> **PROVIDED ENTRIES**

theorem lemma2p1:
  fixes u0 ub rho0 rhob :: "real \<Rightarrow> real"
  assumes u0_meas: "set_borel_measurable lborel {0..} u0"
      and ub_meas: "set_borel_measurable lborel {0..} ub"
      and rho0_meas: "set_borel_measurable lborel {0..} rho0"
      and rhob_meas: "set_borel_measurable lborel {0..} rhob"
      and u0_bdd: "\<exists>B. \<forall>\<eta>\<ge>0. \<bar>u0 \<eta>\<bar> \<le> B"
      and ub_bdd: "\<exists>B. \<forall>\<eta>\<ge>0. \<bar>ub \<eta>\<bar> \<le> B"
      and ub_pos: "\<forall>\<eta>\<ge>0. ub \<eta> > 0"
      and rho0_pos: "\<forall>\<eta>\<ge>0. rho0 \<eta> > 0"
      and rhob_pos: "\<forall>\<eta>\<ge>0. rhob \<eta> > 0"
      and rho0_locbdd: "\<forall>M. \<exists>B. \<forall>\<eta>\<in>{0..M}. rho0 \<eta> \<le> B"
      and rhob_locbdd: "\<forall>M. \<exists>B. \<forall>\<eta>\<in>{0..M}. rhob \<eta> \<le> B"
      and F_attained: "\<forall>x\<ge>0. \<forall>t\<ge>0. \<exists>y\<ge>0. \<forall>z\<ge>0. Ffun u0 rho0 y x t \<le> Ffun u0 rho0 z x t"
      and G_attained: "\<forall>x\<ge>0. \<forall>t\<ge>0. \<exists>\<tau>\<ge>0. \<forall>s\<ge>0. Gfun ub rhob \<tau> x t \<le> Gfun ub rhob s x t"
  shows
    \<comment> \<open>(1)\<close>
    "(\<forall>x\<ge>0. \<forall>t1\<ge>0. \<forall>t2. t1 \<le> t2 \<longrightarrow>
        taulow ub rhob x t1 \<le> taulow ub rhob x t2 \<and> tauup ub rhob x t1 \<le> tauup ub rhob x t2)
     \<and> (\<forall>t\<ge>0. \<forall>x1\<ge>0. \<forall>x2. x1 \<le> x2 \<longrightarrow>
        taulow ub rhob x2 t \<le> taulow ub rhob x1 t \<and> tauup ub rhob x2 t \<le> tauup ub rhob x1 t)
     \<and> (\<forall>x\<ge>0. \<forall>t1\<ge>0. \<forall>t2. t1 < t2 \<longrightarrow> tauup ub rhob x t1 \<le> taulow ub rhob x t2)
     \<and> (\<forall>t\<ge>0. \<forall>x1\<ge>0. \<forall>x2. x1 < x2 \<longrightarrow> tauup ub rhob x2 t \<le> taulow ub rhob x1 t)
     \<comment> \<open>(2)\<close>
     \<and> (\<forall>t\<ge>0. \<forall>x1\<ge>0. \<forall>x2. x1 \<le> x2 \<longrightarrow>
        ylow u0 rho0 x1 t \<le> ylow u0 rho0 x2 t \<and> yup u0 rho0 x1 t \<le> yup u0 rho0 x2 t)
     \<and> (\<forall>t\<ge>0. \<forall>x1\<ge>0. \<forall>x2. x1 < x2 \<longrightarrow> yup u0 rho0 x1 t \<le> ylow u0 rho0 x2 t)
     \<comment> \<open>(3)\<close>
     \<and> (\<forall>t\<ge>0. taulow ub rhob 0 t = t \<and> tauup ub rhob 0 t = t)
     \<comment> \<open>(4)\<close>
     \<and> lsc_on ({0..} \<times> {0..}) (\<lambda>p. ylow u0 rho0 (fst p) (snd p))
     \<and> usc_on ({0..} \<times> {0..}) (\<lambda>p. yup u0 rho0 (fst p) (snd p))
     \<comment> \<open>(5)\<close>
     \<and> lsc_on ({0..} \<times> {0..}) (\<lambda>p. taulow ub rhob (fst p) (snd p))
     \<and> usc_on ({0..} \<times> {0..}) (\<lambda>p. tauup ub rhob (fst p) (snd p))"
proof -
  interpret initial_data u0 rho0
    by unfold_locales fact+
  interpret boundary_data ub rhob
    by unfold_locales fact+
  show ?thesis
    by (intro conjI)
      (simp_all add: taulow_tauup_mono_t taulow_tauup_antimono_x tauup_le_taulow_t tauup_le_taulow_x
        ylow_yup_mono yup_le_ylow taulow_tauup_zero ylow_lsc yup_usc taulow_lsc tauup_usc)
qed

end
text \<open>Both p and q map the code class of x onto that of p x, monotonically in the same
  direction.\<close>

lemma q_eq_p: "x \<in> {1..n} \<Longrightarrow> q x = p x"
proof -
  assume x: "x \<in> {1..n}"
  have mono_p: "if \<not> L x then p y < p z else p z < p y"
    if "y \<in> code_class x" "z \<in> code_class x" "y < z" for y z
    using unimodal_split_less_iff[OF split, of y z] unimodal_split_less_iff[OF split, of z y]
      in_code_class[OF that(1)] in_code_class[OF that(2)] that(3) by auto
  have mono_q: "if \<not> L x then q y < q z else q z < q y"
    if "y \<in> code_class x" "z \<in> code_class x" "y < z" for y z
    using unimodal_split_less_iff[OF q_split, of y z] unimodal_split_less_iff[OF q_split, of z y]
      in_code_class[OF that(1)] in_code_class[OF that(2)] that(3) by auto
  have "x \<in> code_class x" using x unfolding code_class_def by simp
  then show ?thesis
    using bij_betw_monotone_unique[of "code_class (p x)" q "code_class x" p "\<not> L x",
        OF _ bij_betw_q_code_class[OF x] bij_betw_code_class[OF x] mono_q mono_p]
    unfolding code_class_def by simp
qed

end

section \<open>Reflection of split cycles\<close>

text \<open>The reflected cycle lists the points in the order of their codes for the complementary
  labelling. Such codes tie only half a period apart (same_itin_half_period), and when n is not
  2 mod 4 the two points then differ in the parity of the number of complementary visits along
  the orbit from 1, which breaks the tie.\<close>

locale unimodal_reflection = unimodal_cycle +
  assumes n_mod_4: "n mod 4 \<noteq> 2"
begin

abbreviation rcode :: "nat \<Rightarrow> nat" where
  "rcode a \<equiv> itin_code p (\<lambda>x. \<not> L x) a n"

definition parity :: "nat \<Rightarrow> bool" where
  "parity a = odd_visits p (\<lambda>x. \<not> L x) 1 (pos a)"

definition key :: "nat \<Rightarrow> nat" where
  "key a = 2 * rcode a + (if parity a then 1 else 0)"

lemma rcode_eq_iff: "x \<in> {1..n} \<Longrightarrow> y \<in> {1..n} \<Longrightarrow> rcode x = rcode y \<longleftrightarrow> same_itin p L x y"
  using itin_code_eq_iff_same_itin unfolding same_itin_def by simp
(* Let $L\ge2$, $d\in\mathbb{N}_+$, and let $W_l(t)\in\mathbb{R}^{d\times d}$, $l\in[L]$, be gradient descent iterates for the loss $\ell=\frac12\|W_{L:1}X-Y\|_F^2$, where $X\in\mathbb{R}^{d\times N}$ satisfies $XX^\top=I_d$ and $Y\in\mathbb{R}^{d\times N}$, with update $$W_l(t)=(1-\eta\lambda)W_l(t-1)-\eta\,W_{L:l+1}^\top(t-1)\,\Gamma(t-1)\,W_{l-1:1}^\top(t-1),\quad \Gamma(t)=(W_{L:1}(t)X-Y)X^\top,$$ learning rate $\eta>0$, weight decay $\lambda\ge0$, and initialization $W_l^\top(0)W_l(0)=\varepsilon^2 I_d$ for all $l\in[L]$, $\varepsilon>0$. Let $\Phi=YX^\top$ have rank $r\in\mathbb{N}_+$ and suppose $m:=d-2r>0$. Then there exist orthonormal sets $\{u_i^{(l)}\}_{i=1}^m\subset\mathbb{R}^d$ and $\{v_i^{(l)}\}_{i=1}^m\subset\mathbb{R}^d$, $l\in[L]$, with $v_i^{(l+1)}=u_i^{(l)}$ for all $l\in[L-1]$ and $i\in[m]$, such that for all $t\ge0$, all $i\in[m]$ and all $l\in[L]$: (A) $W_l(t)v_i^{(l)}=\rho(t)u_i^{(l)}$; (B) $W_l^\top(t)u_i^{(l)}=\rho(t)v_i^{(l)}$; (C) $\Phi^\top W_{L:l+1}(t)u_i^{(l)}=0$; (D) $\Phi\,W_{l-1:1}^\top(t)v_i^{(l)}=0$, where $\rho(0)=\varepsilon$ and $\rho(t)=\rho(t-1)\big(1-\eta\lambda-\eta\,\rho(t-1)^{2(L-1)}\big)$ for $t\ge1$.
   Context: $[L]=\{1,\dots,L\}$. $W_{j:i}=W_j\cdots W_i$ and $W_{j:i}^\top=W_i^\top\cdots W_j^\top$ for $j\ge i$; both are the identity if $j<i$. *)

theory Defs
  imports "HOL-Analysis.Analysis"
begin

> **WHAT YOU HAVE TO DO**
In the listing above, please print only the lines from the first one to the line where "rho0 \<eta> \<le>" appears, exactly as written, both of those lines included.

> **REPLY TO THE TASK**
theorem lemma2p1:
  fixes u0 ub rho0 rhob :: "real \<Rightarrow> real"
  assumes u0_meas: "set_borel_measurable lborel {0..} u0"
      and ub_meas: "set_borel_measurable lborel {0..} ub"
      and rho0_meas: "set_borel_measurable lborel {0..} rho0"
      and rhob_meas: "set_borel_measurable lborel {0..} rhob"
      and u0_bdd: "\<exists>B. \<forall>\<eta>\<ge>0. \<bar>u0 \<eta>\<bar> \<le> B"
      and ub_bdd: "\<exists>B. \<forall>\<eta>\<ge>0. \<bar>ub \<eta>\<bar> \<le> B"
      and ub_pos: "\<forall>\<eta>\<ge>0. ub \<eta> > 0"
      and rho0_pos: "\<forall>\<eta>\<ge>0. rho0 \<eta> > 0"
      and rhob_pos: "\<forall>\<eta>\<ge>0. rhob \<eta> > 0"
      and rho0_locbdd: "\<forall>M. \<exists>B. \<forall>\<eta>\<in>{0..M}. rho0 \<eta> \<le> B"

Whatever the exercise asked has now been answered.